Tag Archives: Brutality

Of Tribe and Time

Of Tribe and Time (CaD Ex 1) Wayfarer

Now a new king arose over Egypt, who did not know Joseph. He said to his people, “Look, the Israelite people are more numerous and more powerful than we. Come, let us deal shrewdly with them, or they will increase and, in the event of war, join our enemies and fight against us and escape from the land.”
Exodus 1:8-10 (NRSVCE)

When it comes to a film, the first shot the director gives you is always an important one. In movie terms it’s called the “establishing shot” and most casual viewers don’t realize how important it is to provide you with the setting, the environment, and the emotion. In many cases, the establishing shot will foreshadow the entire theme of the movie with one quick visual. For those interested, here’s a quick look at some of the best of all time…

Likewise, great authors provide readers with a literary version of an establishing shot. The opening prologue or chapter lay out the scene for the reader.

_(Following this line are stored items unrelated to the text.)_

(* For every $d\ge1$, the maximum of the index $[D_{2d}:L]$, over all sublattices $L$ of $D_{2d}$ generated by $2d$ linearly independent roots of $D_{2d}$, equals $2^{d-1}$.
   Context: $D_n=\{x\in\mathbb Z^n:\sum_ix_i\equiv0\pmod2\}$ with the standard inner product; its roots are its vectors of squared length $2$, i.e. $\pm b_i\pm b_j$ ($i\ne j$) for the standard basis $b_1,\dots,b_n$. *)

theory Defs
  imports Complex_Main
begin

text \<open>Vectors of Z^n are modelled as functions nat => int vanishing outside {0..<n}.\<close>

definition Dn :: "nat \<Rightarrow> (nat \<Rightarrow> int) set" where
  "Dn n = {x. (\<forall>i\<ge>n. x i = 0) \<and> even (\<Sum>i<n. x i)}"

definition Dn_roots :: "nat \<Rightarrow> (nat \<Rightarrow> int) set" where
  "Dn_roots n = {x \<in> Dn n. (\<Sum>i<n. (x i)^2) = 2}"

definition int_span :: "nat \<Rightarrow> (nat \<Rightarrow> nat \<Rightarrow> int) \<Rightarrow> (nat \<Rightarrow> int) set" where
  "int_span m r = {(\<lambda>j. \<Sum>i<m. c i * r i j) | c :: nat \<Rightarrow> int. True}"

definition lin_indep :: "nat \<Rightarrow> (nat \<Rightarrow> nat \<Rightarrow> int) \<Rightarrow> bool" where
  "lin_indep m r \<longleftrightarrow> (\<forall>c :: nat \<Rightarrow> real.
      (\<forall>j. (\<Sum>i<m. c i * real_of_int (r i j)) = 0) \<longrightarrow> (\<forall>i<m. c i = 0))"

text \<open>Group index [M : L]: number of cosets of L in M (0 if infinite).\<close>
definition lattice_index :: "(nat \<Rightarrow> int) set \<Rightarrow> (nat \<Rightarrow> int) set \<Rightarrow> nat" where
  "lattice_index M L = card ((\<lambda>x. {(\<lambda>j. x j + y j) | y. y \<in> L}) ` M)"

end

theory Submission
  imports Defs "HOL-Library.Function_Algebras" "HOL-Library.Indicator_Function"
begin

In today’s chapter, the author of Exodus establishes the scene for the story and the journey on which I am about to embark. At the end of Genesis, Jacob (a.k.a. Israel) and his 70 descendants and their families, flocks, and herds had migrated and settled in the area of Egypt to escape a famine. His long-lost-son, Joseph was Pharaoh’s right-hand and had welcomed them and provided for them.

Exodus now picks up the story, and in the establishing shot, we find that Israel’s descendants have settled in Egypt and have been fruitful in multiple ways. His sons and grandsons are growing their families, having lots of babies, and each is becoming his own tribe. Between Genesis chapter 50 and Exodus chapter 1 we’ve gone from one Hebrew tribe to twelve growing tribes. The problem is, political winds have shifted.

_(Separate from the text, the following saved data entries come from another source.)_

(* Let $h>0$, $P\ge 0$, $0<\zeta\le 1$, $\sigma_A^2\ge 0$, $\sigma_{\rm cov}^2>0$, and let $N\ge 1$ be an integer. Define, for $\rho\in[0,1]$, $$f(\rho)=\log_2\!\left(1+\frac{(1-\rho)hP}{(1-\rho)\sigma_A^2+\sigma_{\rm cov}^2}\right).$$ Define the dynamic power splitting (DPS) region $$\mathcal{C}^{\rm DPS}(P)=\bigcup_{\boldsymbol\rho=(\rho_1,\dots,\rho_N)\in[0,1]^N}\Big\{(R,Q)\in\mathbb{R}^2:\ Q\le \tfrac1N\sum_{k=1}^N\rho_k\zeta hP,\ \ R\le \tfrac1N\sum_{k=1}^N f(\rho_k)\Big\}$$ and the static power splitting (SPS) region $$\mathcal{C}^{\rm SPS}(P)=\bigcup_{\rho\in[0,1]}\Big\{(R,Q)\in\mathbb{R}^2:\ Q\le \rho\zeta hP,\ \ R\le f(\rho)\Big\}.$$ Then $\mathcal{C}^{\rm DPS}(P)=\mathcal{C}^{\rm SPS}(P)$ for every $P\ge 0$.
   Context: This models a separated information/energy receiver: in symbol $k$ of a block of $N$ symbols, a fraction $\rho_k$ of the received power $hP$ (channel gain $h$, transmit power $P$) is sent to an energy harvester with conversion efficiency $\zeta$, and the fraction $1-\rho_k$ to an information decoder whose rate is $f(\rho_k)$; $\sigma_A^2$ is antenna noise power and $\sigma_{\rm cov}^2$ is RF-to-baseband conversion noise power. SPS is the special case $\rho_k=\rho$ for all $k$. *)

theory Defs
  imports Complex_Main
begin

definition rate_f :: "real \<Rightarrow> real \<Rightarrow> real \<Rightarrow> real \<Rightarrow> real \<Rightarrow> real" where
  "rate_f h P sA2 scov2 \<rho> =
     log 2 (1 + ((1 - \<rho>) * h * P) / ((1 - \<rho>) * sA2 + scov2))"

definition C_DPS :: "nat \<Rightarrow> real \<Rightarrow> real \<Rightarrow> real \<Rightarrow> real \<Rightarrow> real \<Rightarrow> (real \<times> real) set" where
  "C_DPS N h \<zeta> sA2 scov2 P =
     (\<Union>\<rho> \<in> {\<rho> :: nat \<Rightarrow> real. \<forall>k<N. 0 \<le> \<rho> k \<and> \<rho> k \<le> 1}.
        {(R, Q). Q \<le> (1 / real N) * (\<Sum>k<N. \<rho> k * \<zeta> * h * P)
               \<and> R \<le> (1 / real N) * (\<Sum>k<N. rate_f h P sA2 scov2 (\<rho> k))})"

definition C_SPS :: "real \<Rightarrow> real \<Rightarrow> real \<Rightarrow> real \<Rightarrow> real \<Rightarrow> (real \<times> real) set" where
  "C_SPS h \<zeta> sA2 scov2 P =
     (\<Union>\<rho> \<in> {0..1}. {(R, Q). Q \<le> \<rho> * \<zeta> * h * P \<and> R \<le> rate_f h P sA2 scov2 \<rho>})"

end

theory Submission
  imports Defs "HOL-Analysis.Analysis"
begin

(*
  Idea: the rate function f(rho) is concave on [0,1].  Writing
    f(rho) = (ln((1-rho)(sigma_A^2 + hP) + sigma_cov^2) - ln((1-rho) sigma_A^2 + sigma_cov^2)) / ln 2,
  concavity follows from a second-derivative test.  Jensen's inequality then
  shows that a dynamic splitting vector (rho_1, ..., rho_N) is dominated by the
  static splitting rho = (1/N) sum rho_k: it delivers exactly the same average
  harvested energy and at least the same average rate, so C_DPS is contained
  in C_SPS.  Conversely every static splitting is the constant dynamic vector.
*)

lemma ln_affine_ratio_concave:
  fixes a b c :: real
  assumes b: "b \<ge> 0" and ab: "a \<ge> b" and c: "c > 0"
  shows "concave_on {0..1} (\<lambda>r. ln ((1-r) * a + c) - ln ((1-r) * b + c))"
proof (rule f''_le0_imp_concave[where f' = "\<lambda>r. b/((1-r) * b + c) - a/((1-r) * a + c)"
      and f'' = "\<lambda>r. (b/((1-r) * b + c))\<^sup>2 - (a/((1-r) * a + c))\<^sup>2"])
  fix x :: real assume x: "x \<in> {0..1}"
  have v: "(1-x) * b + c > 0" using x b c by (simp add: add_nonneg_pos)
  have u: "(1-x) * a + c > 0" using x b ab c by (simp add: add_nonneg_pos)
  show "((\<lambda>r. ln ((1-r) * a + c) - ln ((1-r) * b + c)) has_real_derivative
          b/((1-x) * b + c) - a/((1-x) * a + c)) (at x)"
    using u v by (auto intro!: derivative_eq_intros simp: field_simps)
  show "((\<lambda>r. b/((1-r) * b + c) - a/((1-r) * a + c)) has_real_derivative
          (b/((1-x) * b + c))\<^sup>2 - (a/((1-x) * a + c))\<^sup>2) (at x)"
    using u v by (auto intro!: derivative_eq_intros simp: field_simps power2_eq_square)
  text \<open>The key monotonicity: \<open>t \<mapsto> t / ((1-x) t + c)\<close> is increasing in \<open>t \<ge> 0\<close>.\<close>
  have "b/((1-x) * b + c) \<le> a/((1-x) * a + c)"
    using u v ab c by (simp add: divide_simps algebra_simps)
  moreover have "0 \<le> b/((1-x) * b + c)" using v b by simp
  ultimately show "(b/((1-x) * b + c))\<^sup>2 - (a/((1-x) * a + c))\<^sup>2 \<le> 0"
    by (simp add: power_mono)
qed simp

lemma rate_f_ln_ratio:
  fixes h P sA2 scov2 r :: real
  assumes hP: "h * P \<ge> 0" and sA2: "sA2 \<ge> 0" and scov2: "scov2 > 0"
    and r: "r \<in> {0..1}"
  shows "rate_f h P sA2 scov2 r
           = (ln ((1-r) * (sA2 + h*P) + scov2) - ln ((1-r) * sA2 + scov2)) / ln 2"
proof -
  have v: "(1-r) * sA2 + scov2 > 0" using r sA2 scov2 by (simp add: add_nonneg_pos)
  have u: "(1-r) * (sA2 + h*P) + scov2 > 0" using r sA2 scov2 hP by (simp add: add_nonneg_pos)
  have "1 + (1-r) * h * P / ((1-r) * sA2 + scov2)
          = ((1-r) * (sA2 + h*P) + scov2) / ((1-r) * sA2 + scov2)"
    using v by (simp add: field_simps)
  then show ?thesis unfolding rate_f_def log_def using u v by (simp add: ln_div)
qed

lemma rate_f_concave:
  fixes h P sA2 scov2 :: real
  assumes "h * P \<ge> 0" and "sA2 \<ge> 0" and "scov2 > 0"
  shows "concave_on {0..1} (rate_f h P sA2 scov2)"
proof -
  define g where "g r = (ln ((1-r) * (sA2 + h*P) + scov2) - ln ((1-r) * sA2 + scov2)) / ln 2"
    for r :: real
  have g: "concave_on {0..1} g"
    unfolding g_def using ln_affine_ratio_concave[of sA2 "sA2 + h*P" scov2] assms by auto
  have eq: "rate_f h P sA2 scov2 r = g r" if "r \<in> {0..1}" for r
    unfolding g_def using rate_f_ln_ratio[OF assms that] .
  show ?thesis
  proof (rule concave_on_linorderI)
    fix t x y :: real
    assume t: "0 < t" "t < 1" and xy: "x \<in> {0..1}" "y \<in> {0..1}" "x < y"
    have "(1 - t) * x + t * y \<le> (1 - t) * y + t * y"
      using t xy by (intro add_right_mono mult_left_mono) auto
    moreover have "0 \<le> (1 - t) * x + t * y" using t xy by simp
    ultimately have "(1 - t) * x + t * y \<in> {0..1}" using xy by (simp add: algebra_simps)
    then show "(1 - t) * rate_f h P sA2 scov2 x + t * rate_f h P sA2 scov2 y
                 \<le> rate_f h P sA2 scov2 ((1 - t) *\<^sub>R x + t *\<^sub>R y)"
      using concave_onD[OF g, of t x y] t xy eq by simp
  qed simp
qed

lemma concave_uniform_average:
  fixes g :: "real \<Rightarrow> real" and \<rho> :: "nat \<Rightarrow> real" and N :: nat
  assumes g: "concave_on S g" and N: "N \<ge> 1" and \<rho>: "\<And>k. k < N \<Longrightarrow> \<rho> k \<in> S"
  shows "(1 / real N) * (\<Sum>k<N. \<rho> k) \<in> S"
    and "(1 / real N) * (\<Sum>k<N. g (\<rho> k)) \<le> g ((1 / real N) * (\<Sum>k<N. \<rho> k))"
proof -
  have weights: "(\<Sum>k<N. 1 / real N) = 1" using N by simp
  have mean: "(\<Sum>k<N. (1 / real N) *\<^sub>R \<rho> k) = (1 / real N) * (\<Sum>k<N. \<rho> k)"
    by (simp add: sum_distrib_left)
  have "(\<Sum>k<N. (1 / real N) *\<^sub>R \<rho> k) \<in> S"
    by (rule convex_sum[OF _ concave_on_imp_convex[OF g] weights]) (use N \<rho> in auto)
  then show "(1 / real N) * (\<Sum>k<N. \<rho> k) \<in> S"
    by (simp only: mean)
  show "(1 / real N) * (\<Sum>k<N. g (\<rho> k)) \<le> g ((1 / real N) * (\<Sum>k<N. \<rho> k))"
    using concave_on_sum[OF _ _ g weights, of \<rho>] \<rho> N mean
    by (simp add: sum_distrib_left lessThan_empty_iff)
qed

lemma C_DPS_subset_C_SPS:
  fixes h P \<zeta> sA2 scov2 :: real and N :: nat
  assumes "h * P \<ge> 0" and "sA2 \<ge> 0" and "scov2 > 0" and N: "N \<ge> 1"
  shows "C_DPS N h \<zeta> sA2 scov2 P \<subseteq> C_SPS h \<zeta> sA2 scov2 P"
proof
  fix x assume "x \<in> C_DPS N h \<zeta> sA2 scov2 P"
  then obtain \<rho> R Q where x: "x = (R, Q)" and \<rho>: "\<And>k. k < N \<Longrightarrow> \<rho> k \<in> {0..1}"
    and hQ: "Q \<le> (1 / real N) * (\<Sum>k<N. \<rho> k * \<zeta> * h * P)"
    and hR: "R \<le> (1 / real N) * (\<Sum>k<N. rate_f h P sA2 scov2 (\<rho> k))"
    unfolding C_DPS_def by auto
  define m where "m = (1 / real N) * (\<Sum>k<N. \<rho> k)"
  note average = concave_uniform_average[OF rate_f_concave[OF assms(1-3)] N, where \<rho> = \<rho>, OF \<rho>]
  have "m \<in> {0..1}" using average(1) unfolding m_def .
  moreover have "Q \<le> m * \<zeta> * h * P"
    using hQ unfolding m_def by (simp add: sum_distrib_right mult.assoc)
  moreover have "R \<le> rate_f h P sA2 scov2 m"
    using hR average(2) unfolding m_def by linarith
  ultimately show "x \<in> C_SPS h \<zeta> sA2 scov2 P"
    unfolding C_SPS_def x by blast
qed

lemma C_SPS_subset_C_DPS:
  fixes h P \<zeta> sA2 scov2 :: real and N :: nat
  assumes N: "N \<ge> 1"
  shows "C_SPS h \<zeta> sA2 scov2 P \<subseteq> C_DPS N h \<zeta> sA2 scov2 P"
proof
  fix x assume "x \<in> C_SPS h \<zeta> sA2 scov2 P"
  then obtain r R Q where x: "x = (R, Q)" and r: "0 \<le> r" "r \<le> 1"
    and hQ: "Q \<le> r * \<zeta> * h * P" and hR: "R \<le> rate_f h P sA2 scov2 r"
    unfolding C_SPS_def by auto
  show "x \<in> C_DPS N h \<zeta> sA2 scov2 P"
    unfolding C_DPS_def x using r hQ hR N by (intro UN_I[of "\<lambda>_. r"]) auto
qed

theorem proposition1:
  fixes h P \<zeta> sA2 scov2 :: real and N :: nat
  assumes "h > 0" and "P \<ge> 0" and "0 < \<zeta>" and "\<zeta> \<le> 1"
    and "sA2 \<ge> 0" and "scov2 > 0" and "N \<ge> 1"
  shows "C_DPS N h \<zeta> sA2 scov2 P = C_SPS h \<zeta> sA2 scov2 P"
proof
  have "h * P \<ge> 0" using assms by simp
  then show "C_DPS N h \<zeta> sA2 scov2 P \<subseteq> C_SPS h \<zeta> sA2 scov2 P"
    using C_DPS_subset_C_SPS assms by blast
  show "C_SPS h \<zeta> sA2 scov2 P \<subseteq> C_DPS N h \<zeta> sA2 scov2 P"
    using C_SPS_subset_C_DPS assms by blast
qed

end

In ancient cultures (we’re talking about 3500 years ago) the world was a harsh, violent, lawless and brutal place. It was tribal. You were born into a tribe, your tribe protected you, and life was about surviving against other tribes. Some tribes, like Egypt, had successfully become nations but every nation and every tribe was focused on protecting themselves against the threat of other tribes bent on conquest.

In Egypt, the new Pharaoh (that is, Egyptian ruler) and his administration take stock of the fact that Israel’s tribe has become tribes, and they have slowly proliferated within Egypt’s kingdom and territory. That is a threat. Remember, it’s a tribe vs. tribe world. Having that many people from a foreign tribe living in their kingdom was scary. It’s one thing to protect yourself from an attack from the outside. It’s another thing if a tribe living among you goes rogue. From a political perspective, Pharaoh had to address the threat. So, he moves to persecute the Hebrew people living among them and to limit their population growth.

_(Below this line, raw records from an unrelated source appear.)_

lemma occ_riemann_cong:
  assumes "\<And>t. t \<in> dyadic_points s \<Longrightarrow> p t = p' t"
  shows "occ_riemann s p n x = occ_riemann s p' n x"
  unfolding occ_riemann_def using assms dyadic_pointsI by (intro sum.cong) auto

lemma occ_riemann_reflect: "occ_riemann s (\<lambda>t. p (s - t)) n x = occ_riemann s p n x"
proof -
  have "s - real k * (s / 2^n) = real (2^n - k) * (s / 2^n)" if "k \<le> 2^n" for k
    using that by (simp add: of_nat_diff field_simps)
  then have "occ_riemann s (\<lambda>t. p (s - t)) n x
      = (\<Sum>k\<in>{0..2^n}. s / 2^n * (if p (real (2^n + 0 - k) * (s / 2^n)) = x then 1 else 0))"
    unfolding occ_riemann_def atMost_atLeast0 by (intro sum.cong) auto
  also have "\<dots> = occ_riemann s p n x"
    unfolding occ_riemann_def atMost_atLeast0 by (rule sum.atLeastAtMost_rev[symmetric])
  finally show ?thesis .
qed

lemma occ_riemann_tendsto:
  assumes "regular_path w" "0 \<le> s"
  shows "(\<lambda>n. occ_riemann s w n x) \<longlonglongrightarrow> measure lborel {t. 0 < t \<and> t < s \<and> w t = x}"
proof (cases "s = 0")
  case True
  then have empty: "{t. 0 < t \<and> t < s \<and> w t = x} = {}"
    by auto
  show ?thesis
    unfolding empty using True by (simp add: occ_riemann_def)
next
  case False
  define f where "f n k = s / 2^n * (if w (real k * (s / 2^n)) = x then 1 else 0 :: real)" for n k
  have "occ_riemann s w n x = s / 2^n * (if w 0 = x then 1 else 0) + (\<Sum>k\<in>{1..2^n}. f n k)" for n
    unfolding occ_riemann_def f_def atMost_atLeast0 by (simp add: sum.atLeast_Suc_atMost)
  moreover have "(\<lambda>n. s / 2^n * (if w 0 = x then 1 else 0)) \<longlonglongrightarrow> 0"
    by (intro tendsto_mult_left_zero LIMSEQ_divide_realpow_zero) simp
  moreover have "(\<lambda>n. \<Sum>k\<in>{1..2^n}. f n k) \<longlonglongrightarrow> measure lborel {t. 0 < t \<and> t < s \<and> w t = x}"
    unfolding f_def using assms False by (intro right_riemann_sum_tendsto_occupation) auto
  ultimately show ?thesis
    using tendsto_add by fastforce
qed

lemma occ_eq_occ_limit:
  assumes "regular_path (\<lambda>t. X t \<omega>)" "0 \<le> s"
  shows "occ s X \<omega> = occ_limit s (\<lambda>t\<in>dyadic_points s. X t \<omega>)"
proof
  fix x
  have "(\<lambda>n. occ_riemann s (\<lambda>t\<in>dyadic_points s. X t \<omega>) n x) \<longlonglongrightarrow> occ s X \<omega> x"
    unfolding occ_def using occ_riemann_tendsto[OF assms] by (subst occ_riemann_cong) auto
  then show "occ s X \<omega> x = occ_limit s (\<lambda>t\<in>dyadic_points s. X t \<omega>) x"
    unfolding occ_limit_def by (rule limI[symmetric])
qed

lemma occ_eq_occ_limit_reflected:
  assumes "regular_path (\<lambda>t. X t \<omega>)" "0 \<le> s"
  shows "occ s X \<omega> = occ_limit s (\<lambda>t\<in>dyadic_points s. X (s - t) \<omega>)"
proof
  fix x
  have "(\<lambda>n. occ_riemann s (\<lambda>t\<in>dyadic_points s. X (s - t) \<omega>) n x) \<longlonglongrightarrow> occ s X \<omega> x"
    unfolding occ_def using occ_riemann_tendsto[OF assms]
    by (subst occ_riemann_cong[where p' = "\<lambda>t. X (s - t) \<omega>"])
      (auto simp: occ_riemann_reflect[of s "\<lambda>t. X t \<omega>"])
  then show "occ s X \<omega> x = occ_limit s (\<lambda>t\<in>dyadic_points s. X (s - t) \<omega>) x"
    unfolding occ_limit_def by (rule limI[symmetric])
qed

lemma measurable_occ_limit:
  "occ_limit s \<in> PiM (dyadic_points s) (\<lambda>_. count_space (UNIV::'s set)) \<rightarrow>\<^sub>M PiM UNIV (\<lambda>_::'s. borel)"
proof (rule measurable_PiM_single')
  fix x :: 's
  have "(\<lambda>p. p (real k * (s / 2^n))) \<in> PiM (dyadic_points s) (\<lambda>_. count_space UNIV) \<rightarrow>\<^sub>M count_space UNIV"
    if "k \<le> 2^n" for k n
    using that by (intro measurable_component_singleton dyadic_pointsI)
  then have "(\<lambda>p. occ_riemann s p n x) \<in> borel_measurable (PiM (dyadic_points s) (\<lambda>_. count_space UNIV))" for n
    unfolding occ_riemann_def by measurable
  then show "(\<lambda>p. occ_limit s p x) \<in> borel_measurable (PiM (dyadic_points s) (\<lambda>_. count_space UNIV))"
    unfolding occ_limit_def by (rule borel_measurable_lim_metric)
qed simp

lemma restrict_in_cylinder_iff:
  assumes "J \<subseteq> D" and grid: "\<forall>t\<in>J. \<exists>k\<le>m. t = real k * h"
  shows "(\<lambda>t\<in>D. g t) \<in> prod_emb D (\<lambda>_. count_space UNIV) J (PiE J A)
     \<longleftrightarrow> (\<forall>i\<le>m. g (real i * h) \<in> (if real i * h \<in> J then A (real i * h) else UNIV))"
proof -
  have "(\<lambda>t\<in>D. g t) \<in> prod_emb D (\<lambda>_. count_space UNIV) J (PiE J A) \<longleftrightarrow> (\<forall>t\<in>J. g t \<in> A t)"
    using assms(1) by (simp add: prod_emb_iff restrict_PiE_iff Int_absorb1 Pi_iff)
  also have "\<dots> \<longleftrightarrow> (\<forall>i\<le>m. g (real i * h) \<in> (if real i * h \<in> J then A (real i * h) else UNIV))"
  proof
    assume on_grid: "\<forall>i\<le>m. g (real i * h) \<in> (if real i * h \<in> J then A (real i * h) else UNIV)"
    show "\<forall>t\<in>J. g t \<in> A t"
    proof
      fix t assume "t \<in> J"
      then obtain k where "k \<le> m" "t = real k * h"
        using grid by blast
      then show "g t \<in> A t"
        using on_grid[rule_format, OF \<open>k \<le> m\<close>] \<open>t \<in> J\<close> by simp
    qed
  qed simp
  finally show ?thesis .
qed

lemma emeasure_scale_distr_density_indicator:
  assumes "finite_measure M" "p \<in> M \<rightarrow>\<^sub>M N" "{\<omega>\<in>space M. P \<omega>} \<in> sets M" "C \<in> sets N" "0 \<le> c"
  shows "emeasure (scale_measure (ennreal c) (distr (density M (indicator {\<omega>\<in>space M. P \<omega>})) N p)) C
       = ennreal (c * measure M {\<omega>\<in>space M. p \<omega> \<in> C \<and> P \<omega>})"
proof -
  interpret finite_measure M
    by (rule assms(1))
  have "p -` C \<inter> space M \<in> sets M"
    using measurable_sets[OF assms(2,4)] .
  moreover have "{\<omega>\<in>space M. P \<omega>} \<inter> (p -` C \<inter> space M) = {\<omega>\<in>space M. p \<omega> \<in> C \<and> P \<omega>}"
    by blast
  ultimately show ?thesis
    using assms(2-5)
    by (simp add: emeasure_distr emeasure_restricted emeasure_eq_measure ennreal_mult)
qed

lemma measure_restricted_eq_PiM:
  fixes p :: "'a \<Rightarrow> 'i \<Rightarrow> 's" and q :: "'b \<Rightarrow> 'i \<Rightarrow> 's"
  assumes M: "finite_measure M" and N: "finite_measure N"
    and p: "p \<in> M \<rightarrow>\<^sub>M PiM I (\<lambda>_. count_space UNIV)" and q: "q \<in> N \<rightarrow>\<^sub>M PiM I (\<lambda>_. count_space UNIV)"
    and P: "{\<omega>\<in>space M. P \<omega>} \<in> sets M" and P': "{\<omega>\<in>space N. P' \<omega>} \<in> sets N"
    and "0 \<le> a" "0 \<le> b"
    and cylinders: "\<And>J A. finite J \<Longrightarrow> J \<subseteq> I \<Longrightarrow>
      a * measure M {\<omega>\<in>space M. p \<omega> \<in> prod_emb I (\<lambda>_. count_space UNIV) J (PiE J A) \<and> P \<omega>}
      = b * measure N {\<omega>\<in>space N. q \<omega> \<in> prod_emb I (\<lambda>_. count_space UNIV) J (PiE J A) \<and> P' \<omega>}"
    and C: "C \<in> sets (PiM I (\<lambda>_. count_space UNIV))"
  shows "a * measure M {\<omega>\<in>space M. p \<omega> \<in> C \<and> P \<omega>} = b * measure N {\<omega>\<in>space N. q \<omega> \<in> C \<and> P' \<omega>}"
proof -
  define D where "D = PiM I (\<lambda>_. count_space (UNIV::'s set))"
  define \<mu> where "\<mu> = scale_measure a (distr (density M (indicator {\<omega>\<in>space M. P \<omega>})) D p)"
  define \<nu> where "\<nu> = scale_measure b (distr (density N (indicator {\<omega>\<in>space N. P' \<omega>})) D q)"
  have \<mu>: "emeasure \<mu> C' = a * measure M {\<omega>\<in>space M. p \<omega> \<in> C' \<and> P \<omega>}" if "C' \<in> sets D" for C'
    using emeasure_scale_distr_density_indicator[OF M p[folded D_def] P that \<open>0 \<le> a\<close>] \<open>0 \<le> a\<close>
    unfolding \<mu>_def by simp
  have \<nu>: "emeasure \<nu> C' = b * measure N {\<omega>\<in>space N. q \<omega> \<in> C' \<and> P' \<omega>}" if "C' \<in> sets D" for C'
    using emeasure_scale_distr_density_indicator[OF N q[folded D_def] P' that \<open>0 \<le> b\<close>] \<open>0 \<le> b\<close>
    unfolding \<nu>_def by simp
  have "\<mu> = \<nu>"
  proof (rule measure_eqI_PiM_infinite)
    show "sets \<mu> = PiM I (\<lambda>_. count_space UNIV)" "sets \<nu> = PiM I (\<lambda>_. count_space UNIV)"
      by (simp_all add: \<mu>_def \<nu>_def D_def)
    show "finite_measure \<mu>"
      using \<mu>[of "space D"] by (intro finite_measureI) (simp add: \<mu>_def space_scale_measure)
  next
    fix J A assume J: "finite J" "J \<subseteq> I"
    then have "prod_emb I (\<lambda>_. count_space UNIV) J (PiE J A) \<in> sets D"
      unfolding D_def by (intro sets_PiM_I) auto
    then show "emeasure \<mu> (prod_emb I (\<lambda>_. count_space UNIV) J (PiE J A))
        = emeasure \<nu> (prod_emb I (\<lambda>_. count_space UNIV) J (PiE J A))"
      by (simp only: \<mu> \<nu> cylinders[OF J])
  qed
  then have "emeasure \<mu> C = emeasure \<nu> C"
    by simp
  moreover have "C \<in> sets D"
    using C unfolding D_def .
  ultimately show ?thesis
    using \<open>0 \<le> a\<close> \<open>0 \<le> b\<close> by (simp add: \<mu> \<nu> ennreal_inj)
qed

In the quiet this morning, I find myself mulling over both the differences and similarities in our world. It’s that point of tension between two extremes. On one hand, the world has changed drastically in 3500 years and that’s the reason many 21st century readers struggle mightily with the brutality and violence of the ancient stories of the Great Story. If I want to understand the Great Story, I have to be willing to embrace that I will never fully understand ancient history yet embrace the understanding that it has value in the context of a larger eternal narrative.

On the other hand, I also find myself muttering that there is “nothing is new under the sun,” and the more things change the more they stay the same. In China, the government is persecuting people groups and religious groups within their population to try and stop their proliferation. They also have, over recent decades, infamously adopted birth control measures eerily similar to Pharaoh (e.g. allow the girls to live, but not the boys) in an effort to control the political and economic threat they feel from population growth. It also strikes me, as I mull things over, that the same tribalism at the root of the Egypt/Hebrew conflict presented in today’s chapter is at the root of everything from benign sports rivalries to toxic racial, social, nationalist, and religious prejudice. I also think of gangs, cartels, crime organizations, religious denominations, and political parties. Humans are still tribal in a myriad of ways.

When Jesus spoke to the Samaritan woman at the well, told the story of the Good Samaritan, healed the child of a Roman Centurion, and sent His apostles to “ends of the earth” He was pushing His followers beyond their tribe. He prescribed a different type of conquest in which tribal boundaries are breached with love and proliferate generosity, understanding, forgiveness, repentance, and redemption. That’s the tribe with whom I ultimately wish to be associated.